More on the GSE Rescue Bill

Larry Lindsey reports:

Congress rejected a proposal that Fannie and Freddie be barred from paying dividends if they are receiving injections of capital from the federal government. This idea would seem to be the first lesson in a course on Government Bailout 101. The government shouldn't be shoveling taxpayer money in the front door while the company is shoveling dividends to shareholders out the back door.

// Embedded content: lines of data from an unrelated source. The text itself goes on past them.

(* Let $q\equiv 1\pmod 6$ be a prime power, let $\rho$ be a primitive element of $\mathbb F_q$, and let $\pi : (\mathbb Z_2^2)^* \to \mathbb Z_3$ be a bijection. Suppose $c = c^3_q(1,2)$ is odd and $l = (c+1)/2$. Then $\operatorname{Cay}(G_{l,2,q},S(\pi))$ is edge-regular with parameters $(4lq,\ 4l-2+q,\ 4l-2)$ and has a regular clique of order $4l$.
   Context: For an additive group $A$, $A^*=A\setminus\{0\}$. $G_{l,2,q}=\mathbb Z_l\oplus\mathbb Z_2^2\oplus\mathbb F_q$. $S_0=\{(g,0): g\in(\mathbb Z_l\oplus\mathbb Z_2^2)^*\}$; for $z\in(\mathbb Z_2^2)^*$, $S_{z,\pi}=\{(0,z,\rho^j): j\in\mathbb Z,\ j\equiv\pi(z)\pmod 3\}$; $S(\pi)=S_0\cup\bigcup_z S_{z,\pi}$; $\operatorname{Cay}(G_{l,2,q},S(\pi))$ has vertex set $G_{l,2,q}$ with $x\sim y$ iff $y-x\in S(\pi)$. Write $q=6r+1$; $C^3_q(i)=\{\rho^{3j+i}:0\le j\le 2r-1\}$ for $i\in\mathbb Z_3$, $c^3_q(a,b)=|(C^3_q(a)+1)\cap C^3_q(b)|$. A graph is edge-regular with parameters $(N,k,\lambda)$ if it is non-empty, has $N$ vertices, is $k$-regular, and every two adjacent vertices have exactly $\lambda$ common neighbours. A clique $\mathcal C$ is regular if every vertex outside $\mathcal C$ is adjacent to the same number $e>0$ of vertices of $\mathcal C$. *)

theory Defs
  imports Main
begin

(* Elements of G_{l,2,q} = Z_l + Z_2^2 + F_q are represented as triples
   (a, (z1, z2), x) with a < l, z1, z2 in {0,1}, x in the finite field 'f. *)

definition G_set :: "nat \<Rightarrow> (nat \<times> (nat \<times> nat) \<times> 'f) set" where
  "G_set l = {0..<l} \<times> ({0,1} \<times> {0,1}) \<times> UNIV"

fun G_minus :: "nat \<Rightarrow> nat \<times> (nat \<times> nat) \<times> 'f::ab_group_add
                  \<Rightarrow> nat \<times> (nat \<times> nat) \<times> 'f \<Rightarrow> nat \<times> (nat \<times> nat) \<times> 'f" where
  "G_minus l (a, (z1, z2), x) (b, (w1, w2), y) =
     ((a + l - b) mod l, ((z1 + 2 - w1) mod 2, (z2 + 2 - w2) mod 2), x - y)"

definition Z22_star :: "(nat \<times> nat) set" where
  "Z22_star = {(0,1), (1,0), (1,1)}"

definition S0 :: "nat \<Rightarrow> (nat \<times> (nat \<times> nat) \<times> 'f::zero) set" where
  "S0 l = {(a, z, 0) | a z. a \<in> {0..<l} \<and> z \<in> {0,1} \<times> {0,1} \<and> (a, z) \<noteq> (0, (0, 0))}"

definition S_z :: "(nat \<times> nat \<Rightarrow> nat) \<Rightarrow> 'f::field \<Rightarrow> nat \<times> nat
                    \<Rightarrow> (nat \<times> (nat \<times> nat) \<times> 'f) set" where
  "S_z \<pi> \<rho> z = {(0, z, \<rho> powi j) | j::int. j mod 3 = int (\<pi> z)}"

definition S_pi :: "nat \<Rightarrow> (nat \<times> nat \<Rightarrow> nat) \<Rightarrow> 'f::field
                     \<Rightarrow> (nat \<times> (nat \<times> nat) \<times> 'f) set" where
  "S_pi l \<pi> \<rho> = S0 l \<union> (\<Union>z\<in>Z22_star. S_z \<pi> \<rho> z)"

definition cay_adj :: "nat \<Rightarrow> (nat \<times> nat \<Rightarrow> nat) \<Rightarrow> 'f::field
     \<Rightarrow> nat \<times> (nat \<times> nat) \<times> 'f \<Rightarrow> nat \<times> (nat \<times> nat) \<times> 'f \<Rightarrow> bool" where
  "cay_adj l \<pi> \<rho> x y \<longleftrightarrow> G_minus l y x \<in> S_pi l \<pi> \<rho>"

definition primitive_element :: "'f::field \<Rightarrow> bool" where
  "primitive_element \<rho> \<longleftrightarrow> \<rho> \<noteq> 0 \<and> (\<forall>x. x \<noteq> 0 \<longrightarrow> (\<exists>j::nat. x = \<rho> ^ j))"

(* cyclotomic class C^3_q(i) = {rho^(3j+i) : 0 <= j <= 2r-1}, q = 6r+1 *)
definition cyc_class :: "'f::{finite,field} \<Rightarrow> nat \<Rightarrow> 'f set" where
  "cyc_class \<rho> i = {\<rho> ^ (3 * j + i) | j. j < 2 * ((card (UNIV :: 'f set) - 1) div 6)}"

definition cyc_num :: "'f::{finite,field} \<Rightarrow> nat \<Rightarrow> nat \<Rightarrow> nat" where
  "cyc_num \<rho> a b = card ((\<lambda>x. x + 1) ` cyc_class \<rho> a \<inter> cyc_class \<rho> b)"

definition edge_regular :: "'v set \<Rightarrow> ('v \<Rightarrow> 'v \<Rightarrow> bool) \<Rightarrow> nat \<Rightarrow> nat \<Rightarrow> nat \<Rightarrow> bool" where
  "edge_regular V adj N k lam \<longleftrightarrow>
     finite V \<and> card V = N \<and> (\<exists>x\<in>V. \<exists>y\<in>V. adj x y) \<and>
     (\<forall>x\<in>V. card {y\<in>V. adj x y} = k) \<and>
     (\<forall>x\<in>V. \<forall>y\<in>V. adj x y \<longrightarrow> card {w\<in>V. adj x w \<and> adj y w} = lam)"

definition is_clique :: "'v set \<Rightarrow> ('v \<Rightarrow> 'v \<Rightarrow> bool) \<Rightarrow> 'v set \<Rightarrow> bool" where
  "is_clique V adj C \<longleftrightarrow> C \<subseteq> V \<and> (\<forall>x\<in>C. \<forall>y\<in>C. x \<noteq> y \<longrightarrow> adj x y)"

definition regular_clique :: "'v set \<Rightarrow> ('v \<Rightarrow> 'v \<Rightarrow> bool) \<Rightarrow> 'v set \<Rightarrow> bool" where
  "regular_clique V adj C \<longleftrightarrow> is_clique V adj C \<and>
     (\<exists>e>0. \<forall>x\<in>V - C. card {y\<in>C. adj x y} = e)"

end

(* Translation y |-> y - x is a bijection of G = Z_l + Z_2^2 + F_q, so the Cayley graph has degree
   |S(pi)| = (4l - 1) + 3 * 2r = 4l - 2 + q, and two adjacent vertices x, y have as many common
   neighbours as there are s in S(pi) with s - d in S(pi), where d = y - x.  If d lies in S_0, these
   s are the other 4l - 2 elements of S_0.  If d = (0, z0, u) with u in C(pi z0), they are the
   (0, w, v) with w <> z0, v in C(pi w) and v - u in C(pi (w - z0)); the substitution v = u (t + 1)
   turns each of the two choices of w into a cyclotomic number c(i, j) with {i, j} = {1, 2}, and
   c(2, 1) = c(1, 2).  Hence lambda = 2c = 4l - 2.  Finally the subgroup Z_l + Z_2^2 + 0 is a clique,
   and a vertex (a, w, t) with t <> 0 is adjacent to exactly one of its elements, namely (a, w + z, 0)
   for the unique z with -t in C(pi z). *)

theory Submission
  imports Defs
begin

section \<open>Translations of \<open>G\<^sub>l\<^sub>,\<^sub>2\<^sub>,\<^sub>q\<close>\<close>

lemma int_diff_mod:
  fixes a b m :: nat
  assumes "b \<le> m"
  shows "int ((a + m - b) mod m) = (int a - int b) mod int m"
proof -
  have "int (a + m - b) = (int a - int b) + int m" using assms by simp
  then show ?thesis by (simp add: of_nat_mod)
qed

lemma diff_mod_eq_0_iff:
  fixes a b m :: nat
  assumes "a < m" "b < m"
  shows "(a + m - b) mod m = 0 \<longleftrightarrow> a = b"
proof (cases "b \<le> a")
  case True
  then have "a + m - b = m + (a - b)" by simp
  then have "(a + m - b) mod m = a - b" using assms by (simp only: mod_add_self1) simp
  then show ?thesis using True by simp
next
  case False
  then have "a + m - b < m" "0 < a + m - b" using assms by linarith+
  then show ?thesis using False by simp
qed

lemma diff_mod_cancel:
  fixes a b c m :: nat
  assumes "a < m" "b < m" "c < m"
  shows "((a + m - c) mod m + m - (b + m - c) mod m) mod m = (a + m - b) mod m"
proof -
  have "int (((a + m - c) mod m + m - (b + m - c) mod m) mod m)
      = (int ((a + m - c) mod m) - int ((b + m - c) mod m)) mod int m"
    using assms by (intro int_diff_mod) simp
  also have "\<dots> = ((int a - int c) mod int m - (int b - int c) mod int m) mod int m"
    using assms by (simp add: int_diff_mod)
  also have "\<dots> = (int a - int b) mod int m" by (simp add: mod_simps)
  also have "\<dots> = int ((a + m - b) mod m)" using assms by (simp add: int_diff_mod)
  finally show ?thesis by (simp only: of_nat_eq_iff)
qed

definition Z22 :: "(nat \<times> nat) set" where
  "Z22 = {0, 1} \<times> {0, 1}"

lemma Z22_star_eq: "Z22_star = Z22 - {(0, 0)}"
  unfolding Z22_def Z22_star_def by auto

fun z22_minus :: "nat \<times> nat \<Rightarrow> nat \<times> nat \<Rightarrow> nat \<times> nat" where
  "z22_minus (z1, z2) (w1, w2) = ((z1 + 2 - w1) mod 2, (z2 + 2 - w2) mod 2)"

lemma Z22_cases [consumes 1]:
  "w \<in> Z22 \<Longrightarrow> (w = (0, 0) \<Longrightarrow> P) \<Longrightarrow> (w = (0, 1) \<Longrightarrow> P) \<Longrightarrow> (w = (1, 0) \<Longrightarrow> P)
    \<Longrightarrow> (w = (1, 1) \<Longrightarrow> P) \<Longrightarrow> P"
  unfolding Z22_def by blast

lemma z22_minus_self [simp]: "z22_minus z z = (0, 0)"
  by (cases z) simp

lemma z22_minus_in: "w \<in> Z22 \<Longrightarrow> z \<in> Z22 \<Longrightarrow> z22_minus w z \<in> Z22"
  by (elim Z22_cases) (simp_all add: Z22_def)

lemma z22_minus_eq_0_iff: "w \<in> Z22 \<Longrightarrow> z \<in> Z22 \<Longrightarrow> z22_minus w z = (0, 0) \<longleftrightarrow> w = z"
  by (elim Z22_cases) simp_all

lemma z22_minus_eq_self_iff: "w \<in> Z22 \<Longrightarrow> z \<in> Z22 \<Longrightarrow> z22_minus w z = w \<longleftrightarrow> z = (0, 0)"
  by (elim Z22_cases) simp_all

lemma z22_minus_eq_iff:
  "w \<in> Z22 \<Longrightarrow> z \<in> Z22 \<Longrightarrow> z' \<in> Z22 \<Longrightarrow> z22_minus w z = z' \<longleftrightarrow> w = z22_minus z' z"
  by (elim Z22_cases) simp_all

lemma z22_minus_cancel:
  "u \<in> Z22 \<Longrightarrow> v \<in> Z22 \<Longrightarrow> z \<in> Z22 \<Longrightarrow>
    z22_minus (z22_minus u v) (z22_minus z v) = z22_minus u z"
  by (elim Z22_cases) simp_all

lemma z22_minus_third:
  assumes "w \<in> Z22_star" "z \<in> Z22_star" "w \<noteq> z"
  shows "z22_minus w z \<in> Z22_star - {w, z}"
  using assms unfolding Z22_star_def by auto

lemma G_minus_eq: "G_minus l (a, w, x) (b, z, y) = ((a + l - b) mod l, z22_minus w z, x - y)"
  by (cases w; cases z) simp

lemma mem_G_set: "(a, w, x) \<in> G_set l \<longleftrightarrow> a < l \<and> w \<in> Z22"
  unfolding G_set_def Z22_def by simp

lemma finite_G_set: "finite (G_set l :: (nat \<times> (nat \<times> nat) \<times> 'f::finite) set)"
  unfolding G_set_def by simp

lemma card_G_set:
  "card (G_set l :: (nat \<times> (nat \<times> nat) \<times> 'f::finite) set) = 4 * l * card (UNIV :: 'f set)"
  unfolding G_set_def by (simp add: card_cartesian_product)

lemma G_minus_in_G_set: "x \<in> G_set l \<Longrightarrow> y \<in> G_set l \<Longrightarrow> G_minus l x y \<in> G_set l"
  by (cases x; cases y) (auto simp: G_minus_eq mem_G_set z22_minus_in)

lemma G_minus_eq_0_iff:
  "x \<in> G_set l \<Longrightarrow> y \<in> G_set l \<Longrightarrow> G_minus l x y = (0, (0, 0), 0) \<longleftrightarrow> x = y"
  by (cases x; cases y) (auto simp: G_minus_eq mem_G_set diff_mod_eq_0_iff z22_minus_eq_0_iff)

lemma G_minus_cancel:
  assumes "w \<in> G_set l" "x \<in> G_set l" "y \<in> G_set l"
  shows "G_minus l (G_minus l w x) (G_minus l y x) = G_minus l w y"
proof -
  obtain a u s where w: "w = (a, u, s)" by (cases w)
  obtain b v t where x: "x = (b, v, t)" by (cases x)
  obtain c z r where y: "y = (c, z, r)" by (cases y)
  have "a < l" "b < l" "c < l" and Z: "u \<in> Z22" "v \<in> Z22" "z \<in> Z22"
    using assms by (simp_all add: w x y mem_G_set)
  then have "((a + l - b) mod l + l - (c + l - b) mod l) mod l = (a + l - c) mod l"
    by (intro diff_mod_cancel)
  moreover have "s - t - (r - t) = s - r" by simp
  ultimately show ?thesis
    unfolding w x y G_minus_eq z22_minus_cancel[OF Z] by (simp only:)
qed

lemma inj_on_G_minus: "x \<in> G_set l \<Longrightarrow> inj_on (\<lambda>y. G_minus l y x) (G_set l)"
proof (rule inj_onI)
  fix y y'
  assume x: "x \<in> G_set l" and y: "y \<in> G_set l" "y' \<in> G_set l"
    and eq: "G_minus l y x = G_minus l y' x"
  have "G_minus l y y' = G_minus l (G_minus l y' x) (G_minus l y' x)"
    using G_minus_cancel[OF y(1) x y(2)] eq by simp
  also have "\<dots> = (0, (0, 0), 0)"
    by (simp add: G_minus_eq_0_iff G_minus_in_G_set[OF y(2) x])
  finally show "y = y'" by (simp add: G_minus_eq_0_iff[OF y])
qed

lemma bij_betw_G_minus:
  assumes "x \<in> G_set l"
  shows "bij_betw (\<lambda>y. G_minus l y x) (G_set l)
    (G_set l :: (nat \<times> (nat \<times> nat) \<times> 'f::{finite,ab_group_add}) set)"
proof -
  have "(\<lambda>y. G_minus l y x) ` G_set l \<subseteq> G_set l"
    using G_minus_in_G_set assms by blast
  then show ?thesis
    using endo_inj_surj[OF finite_G_set _ inj_on_G_minus[OF assms]] inj_on_G_minus[OF assms]
    by (simp add: bij_betw_def)
qed

lemma card_G_minus_preimage:
  fixes x :: "nat \<times> (nat \<times> nat) \<times> 'f::{finite,ab_group_add}"
  assumes "x \<in> G_set l"
  shows "card {y \<in> G_set l. P (G_minus l y x)} = card {s \<in> G_set l. P s}"
proof -
  have "bij_betw (\<lambda>y. G_minus l y x) {y \<in> G_set l. P (G_minus l y x)} {s \<in> G_set l. P s}"
    by (rule bij_betw_Collect[OF bij_betw_G_minus[OF assms]]) (rule refl)
  then show ?thesis by (rule bij_betw_same_card)
qed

Freddie Mac paid $1.6 billion in dividends last year while Fannie Mae paid $2.5 billion. Both have dividend yields that are many times higher than the norm. Congress chose to protect the shareholders at the expense of the taxpayer.

The Cost of Being PC

Here is a ranking of academic disciplines by political correctness:

The most PC: Psychology, Sociology, English, History, Elementary education

The least PC: Criminal justice, Economics, Marketing, Accounting, Computer science, Biology, Finance, Management information, Mechanical engineering, Electrical engineering

Political correctness is defined here as "the belief that gender gaps in math and science fields are largely due to discrimination; support for affirmative action; and belief that discrimination is a key cause of racial inequities in American society. Generally, members of this cohort see race and gender as fundamental ."

I notice that the non-PC disciplines appear to correlate with the most lucrative college majors. Some might take this fact as even more evidence that life is fundamentally unfair.